Thankfully, it was not so. Zipper was greeted warmly by everyone, like she always is, and like Buttons was every time we brought him in. Bringing her back, getting her to sit still on the scale, humoring her as she anxiously paced the room, it all helped me focus on her, instead of what our last visit had been.

The vet came in, and acknowledged Buttons' passing. It surprised me, honestly. They must have hundreds of animals coming through those doors, but he remembered my sweet little boy. I never want to assume that my dogs are remembered, because I don't want to press that expectation on hardworking individuals who have so many pets come and go. But he mentioned receiving our thank you card, and that the whole office so greatly appreciated it. He said that people can so easily forget that the vets have a connection to our animals as well.
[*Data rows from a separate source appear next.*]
definition mpos :: "('a, 'b) monoid_scheme \<Rightarrow> nat \<Rightarrow> (nat \<Rightarrow> nat \<Rightarrow> 'a \<Rightarrow> complex) \<Rightarrow> bool" where
  "mpos G n x \<longleftrightarrow> (\<forall>\<xi> :: nat \<Rightarrow> 'a \<Rightarrow> complex. (\<forall>i<n. fin_vec G (\<xi> i)) \<longrightarrow>
      nonneg_c (\<Sum>i<n. \<Sum>j<n. ip (\<xi> i) (lam_apply G (x i j) (\<xi> j))))"

definition pos_op :: "('a, 'b) monoid_scheme \<Rightarrow> ('a \<Rightarrow> complex) \<Rightarrow> bool" where
  "pos_op G c \<longleftrightarrow> (\<forall>\<xi>. fin_vec G \<xi> \<longrightarrow> nonneg_c (ip \<xi> (lam_apply G c \<xi>)))"

definition self_adj :: "('a, 'b) monoid_scheme \<Rightarrow> ('a \<Rightarrow> complex) \<Rightarrow> bool" where
  "self_adj G c \<longleftrightarrow> (\<forall>\<xi> \<eta>. fin_vec G \<xi> \<longrightarrow> fin_vec G \<eta> \<longrightarrow>
      ip \<eta> (lam_apply G c \<xi>) = ip (lam_apply G c \<eta>) \<xi>)"

definition nonzero_op :: "('a, 'b) monoid_scheme \<Rightarrow> ('a \<Rightarrow> complex) \<Rightarrow> bool" where
  "nonzero_op G c \<longleftrightarrow> (\<exists>\<xi>. fin_vec G \<xi> \<and> lam_apply G c \<xi> \<noteq> (\<lambda>_. 0))"

definition cond_exp :: "('a, 'b) monoid_scheme \<Rightarrow> ('a \<Rightarrow> complex) \<Rightarrow> complex" where
  "cond_exp G c = ip (one_op G) (lam_apply G c (one_op G))"

definition op_norm :: "('a, 'b) monoid_scheme \<Rightarrow> ('a \<Rightarrow> complex) \<Rightarrow> real" where
  "op_norm G c = Sup {vnorm (lam_apply G c \<xi>) | \<xi>. fin_vec G \<xi> \<and> vnorm \<xi> \<le> 1}"

definition const_a :: "('a, 'b) monoid_scheme \<Rightarrow> ('a \<Rightarrow> complex) \<Rightarrow> real" where
  "const_a G x = Inf {a::real. a > 0 \<and> pos_op G (\<lambda>g. complex_of_real a * one_op G g - x g)}"

definition const_b :: "('a, 'b) monoid_scheme \<Rightarrow> ('a \<Rightarrow> complex) \<Rightarrow> real" where
  "const_b G x = Inf {b::real. b > 0 \<and> pos_op G (\<lambda>g. complex_of_real b * one_op G g + x g)}"

definition rho_x :: "('a, 'b) monoid_scheme \<Rightarrow> ('a \<Rightarrow> complex) \<Rightarrow> real" where
  "rho_x G x = max (const_a G x / const_b G x) (const_b G x / const_a G x)"

definition rho_S :: "('a, 'b) monoid_scheme \<Rightarrow> 'a set \<Rightarrow> ereal" where
  "rho_S G S = Sup ((\<lambda>x. ereal (rho_x G x)) `
      {x. inX G S x \<and> self_adj G x \<and> nonzero_op G x \<and> cond_exp G x = 0})"

definition lin_X :: "('a, 'b) monoid_scheme \<Rightarrow> 'a set \<Rightarrow> (('a \<Rightarrow> complex) \<Rightarrow> ('a \<Rightarrow> complex)) \<Rightarrow> bool" where
  "lin_X G S \<phi> \<longleftrightarrow> (\<forall>x. inX G S x \<longrightarrow> inX G S (\<phi> x)) \<and>
     (\<forall>x y. inX G S x \<longrightarrow> inX G S y \<longrightarrow> \<phi> (\<lambda>g. x g + y g) = (\<lambda>g. \<phi> x g + \<phi> y g)) \<and>
     (\<forall>z x. inX G S x \<longrightarrow> \<phi> (\<lambda>g. z * x g) = (\<lambda>g. z * \<phi> x g))"

definition CP_X :: "('a, 'b) monoid_scheme \<Rightarrow> 'a set \<Rightarrow> (('a \<Rightarrow> complex) \<Rightarrow> ('a \<Rightarrow> complex)) \<Rightarrow> bool" where
  "CP_X G S \<phi> \<longleftrightarrow> lin_X G S \<phi> \<and>
     (\<forall>n x. (\<forall>i<n. \<forall>j<n. inX G S (x i j)) \<longrightarrow> mpos G n x \<longrightarrow> mpos G n (\<lambda>i j. \<phi> (x i j)))"

definition CP1_X :: "('a, 'b) monoid_scheme \<Rightarrow> 'a set \<Rightarrow> (('a \<Rightarrow> complex) \<Rightarrow> ('a \<Rightarrow> complex)) \<Rightarrow> bool" where
  "CP1_X G S \<phi> \<longleftrightarrow> CP_X G S \<phi> \<and> (\<forall>z. scalar_op G (\<phi> (\<lambda>g. z * one_op G g)))"

definition tilde_lambda :: "('a, 'b) monoid_scheme \<Rightarrow> 'a set \<Rightarrow> ereal" where
  "tilde_lambda G S = Inf ((\<lambda>\<phi>. ereal (op_norm G (\<phi> (one_op G)))) `
      {\<phi>. CP1_X G S \<phi> \<and> (\<forall>x. inX G S x \<longrightarrow> scalar_op G (\<phi> x)) \<and>
           CP_X G S (\<lambda>x g. \<phi> x g - x g)})"

end

theory Submission
  imports Defs
begin

(*
  Let phi be admissible in the definition of tilde_lambda(X_S), with phi(1) = c 1. By Fell's
  absorption principle, for positive y in X_S and group elements k_1, ..., k_n the matrix whose
  (i, j) entry is the k_i k_j^-1 coefficient of y, placed at k_i k_j^-1, is again positive.
  Applying the completely positive map phi - id to it and testing against the vectors
  xi(k_i) delta_(k_i) gives <xi, y xi> <= c E(y) |xi|^2, because the scalar-valued phi contributes
  only on the diagonal. For y = 1 this shows c >= 1; for y = b 1 + x and y = a 1 - x with
  E(x) = 0 it shows that the optimal constants satisfy a <= (c - 1) b and b <= (c - 1) a, hence
  rho(x) <= c - 1 <= |phi(1)| - 1.
*)

lemma ip_eq_sum:
  assumes "finite F" "finite {g. \<zeta> g \<noteq> 0}" "\<And>g. \<zeta> g \<noteq> 0 \<Longrightarrow> \<eta> g \<noteq> 0 \<Longrightarrow> g \<in> F"
  shows "ip \<eta> \<zeta> = (\<Sum>g\<in>F. cnj (\<eta> g) * \<zeta> g)"
proof -
  have "ip \<eta> \<zeta> = (\<Sum>g\<in>{g. \<zeta> g \<noteq> 0} \<union> F. cnj (\<eta> g) * \<zeta> g)"
    unfolding ip_def using assms by (intro sum.mono_neutral_left) auto
  also have "\<dots> = (\<Sum>g\<in>F. cnj (\<eta> g) * \<zeta> g)"
    using assms by (intro sum.mono_neutral_left[symmetric]) auto
  finally show ?thesis .
qed

lemma ip_cnj:
  assumes "finite {g. \<eta> g \<noteq> 0}" "finite {g. \<zeta> g \<noteq> 0}"
  shows "cnj (ip \<eta> \<zeta>) = ip \<zeta> \<eta>"
proof -
  let ?F = "{g. \<eta> g \<noteq> 0} \<union> {g. \<zeta> g \<noteq> 0}"
  have "ip \<eta> \<zeta> = (\<Sum>g\<in>?F. cnj (\<eta> g) * \<zeta> g)" by (rule ip_eq_sum) (use assms in auto)
  moreover have "ip \<zeta> \<eta> = (\<Sum>g\<in>?F. cnj (\<zeta> g) * \<eta> g)" by (rule ip_eq_sum) (use assms in auto)
  ultimately show ?thesis by (simp add: cnj_sum mult.commute)
qed

lemma vnorm_sq: "(vnorm \<xi>)\<^sup>2 = (\<Sum>g | \<xi> g \<noteq> 0. (cmod (\<xi> g))\<^sup>2)"
  unfolding vnorm_def by (simp add: sum_nonneg)

lemma ip_self: "ip \<xi> \<xi> = complex_of_real ((vnorm \<xi>)\<^sup>2)"
  unfolding vnorm_sq ip_def of_real_sum
  by (intro sum.cong refl) (simp add: complex_norm_square mult.commute flip: of_real_power)

lemma vnorm_scale: "vnorm (\<lambda>h. c * \<xi> h) = cmod c * vnorm \<xi>"
proof (cases "c = 0")
  case False
  then have "vnorm (\<lambda>h. c * \<xi> h) = sqrt (\<Sum>g | \<xi> g \<noteq> 0. (cmod c)\<^sup>2 * (cmod (\<xi> g))\<^sup>2)"
    by (simp add: vnorm_def norm_mult power_mult_distrib)
  then show ?thesis by (simp add: vnorm_def real_sqrt_mult flip: sum_distrib_left)
qed (simp add: vnorm_def)

lemma nonneg_c_sum: "(\<And>i. i \<in> A \<Longrightarrow> nonneg_c (f i)) \<Longrightarrow> nonneg_c (\<Sum>i\<in>A. f i)"
  unfolding nonneg_c_def by (induction A rule: infinite_finite_induct) auto

lemma finite_support_combine:
  assumes "finite {t. x t \<noteq> 0}" "finite {t. y t \<noteq> 0}" "f 0 0 = 0"
  shows "finite {t. f (x t) (y t) \<noteq> 0}"
  by (rule finite_subset[OF _ finite_UnI[OF assms(1,2)]]) (auto simp: assms(3))

lemma inX_finite_support: "finite S \<Longrightarrow> inX G S y \<Longrightarrow> finite {t. y t \<noteq> 0}"
  unfolding inX_def unitT_def by (rule finite_subset[of _ "insert \<one>\<^bsub>G\<^esub> S"]) auto

lemma inX_one_op: "inX G S (one_op G)"
  unfolding inX_def unitT_def one_op_def by auto

lemma sum_image_fibres_mult:
  fixes a :: "'i \<Rightarrow> 'r::semiring_0"
  assumes "finite I"
  shows "(\<Sum>w\<in>k ` I. (\<Sum>i\<in>{i\<in>I. k i = w}. a i) * R w) = (\<Sum>i\<in>I. a i * R (k i))"
proof -
  have "(\<Sum>w\<in>k ` I. (\<Sum>i\<in>{i\<in>I. k i = w}. a i) * R w) = (\<Sum>w\<in>k ` I. \<Sum>i\<in>{i\<in>I. k i = w}. a i * R (k i))"
    by (intro sum.cong refl) (simp add: sum_distrib_right)
  also have "\<dots> = (\<Sum>i\<in>I. a i * R (k i))"
    by (rule sum.image_gen[OF assms, symmetric])
  finally show ?thesis .
qed

lemma cInf_le_mult_cInf:
  fixes A B :: "real set"
  assumes A: "A \<noteq> {}" and B: "bdd_below B" and t: "0 < t" and AB: "\<And>a. a \<in> A \<Longrightarrow> t * a \<in> B"
  shows "Inf B \<le> t * Inf A"
proof -
  have "Inf B / t \<le> Inf A"
  proof (rule cInf_greatest[OF A])
    fix a assume "a \<in> A"
    then have "Inf B \<le> t * a" using AB B by (intro cInf_lower) auto
    then show "Inf B / t \<le> a" using t by (simp add: divide_le_eq mult.commute)
  qed
  then show ?thesis using t by (simp add: divide_le_eq mult.commute)
qed

lemma cInf_dominating_constants_pos:
  fixes Q N :: "'v \<Rightarrow> real"
  assumes ne: "{a. 0 < a \<and> (\<forall>v\<in>V. Q v \<le> a * N v)} \<noteq> {}" and v: "v \<in> V" "0 < Q v" "0 \<le> N v"
  shows "0 < Inf {a. 0 < a \<and> (\<forall>v\<in>V. Q v \<le> a * N v)}"
proof -
  from ne obtain a where "Q v \<le> a * N v" using v(1) by blast
  then have Nv: "0 < N v" using v by (cases "N v = 0") auto
  have "Q v / N v \<le> Inf {a. 0 < a \<and> (\<forall>v\<in>V. Q v \<le> a * N v)}"
    using ne v(1) Nv by (intro cInf_greatest) (auto simp: divide_le_eq)
  moreover have "0 < Q v / N v" using v Nv by simp
  ultimately show ?thesis by linarith
qed

lemma dominating_constants_ratio_le:
  fixes Q N :: "'v \<Rightarrow> real" and V :: "'v set"
  defines "A \<equiv> {a. 0 < a \<and> (\<forall>v\<in>V. Q v \<le> a * N v)}"
    and "B \<equiv> {b. 0 < b \<and> (\<forall>v\<in>V. - Q v \<le> b * N v)}"
  assumes N: "\<And>v. 0 \<le> N v" and A: "A \<noteq> {}" and B: "B \<noteq> {}"
    and vp: "vp \<in> V" "0 < Q vp" and vn: "vn \<in> V" "Q vn < 0"
    and BA: "\<And>b v. b \<in> B \<Longrightarrow> v \<in> V \<Longrightarrow> Q v \<le> t * b * N v"
    and AB: "\<And>a v. a \<in> A \<Longrightarrow> v \<in> V \<Longrightarrow> - Q v \<le> t * a * N v"
  shows "max (Inf A / Inf B) (Inf B / Inf A) \<le> t"
proof -
  obtain b where b: "b \<in> B" using B by blast
  have t: "0 < t"
  proof (rule ccontr)
    assume "\<not> 0 < t"
    then have "t * b * N vp \<le> 0" using b N by (simp add: B_def mult_nonpos_nonneg)
    then show False using BA[OF b vp(1)] vp(2) by linarith
  qed
  have "Inf B \<le> t * Inf A"
    using A t AB by (intro cInf_le_mult_cInf) (auto simp: A_def B_def bdd_below_def intro!: exI[of _ 0])
  moreover have "Inf A \<le> t * Inf B"
    using B t BA by (intro cInf_le_mult_cInf) (auto simp: A_def B_def bdd_below_def intro!: exI[of _ 0])
  moreover have "0 < Inf A"
    using A vp N unfolding A_def by (intro cInf_dominating_constants_pos) auto
  moreover have "0 < Inf B"
    using B vn N unfolding B_def by (intro cInf_dominating_constants_pos[where Q = "\<lambda>v. - Q v"]) auto
  ultimately show ?thesis by (simp add: divide_le_eq mult.commute)
qed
And surely they must. The reason we go to our vet is because we like our experience, and trust them with Zipper, trusted them with Buttons. That kind of trust doesn't come from treating them like machines to be fixed. It comes with truly loving them. I knew, when Buttons was in my arms for the last time, that while it was infinitely painful for us, it was far from easy for the vet as well. I am glad that I had the good mind to share our thanks with those who truly did care for Buttons, who continue to care for Zipper.

Zipper is a little overweight, and needs her teeth cleaned. She got a rabies shot, and a little blood work done, which has already come back clean. It is an amazing relief for me, for us. And now I know that it must be nice for the vet as well - to be able to see our animals at times when sickness, misfortune or death are not close at hand. For if they care for our animals but a fraction of how we do, think of how many little loves come through their doors each day, and how many they must say good-bye to.

It's been nearly four months now. I try to remember him every day, and most of the time, it doesn't involve me crying. Tonight is a night for tears. I miss you, baby boy.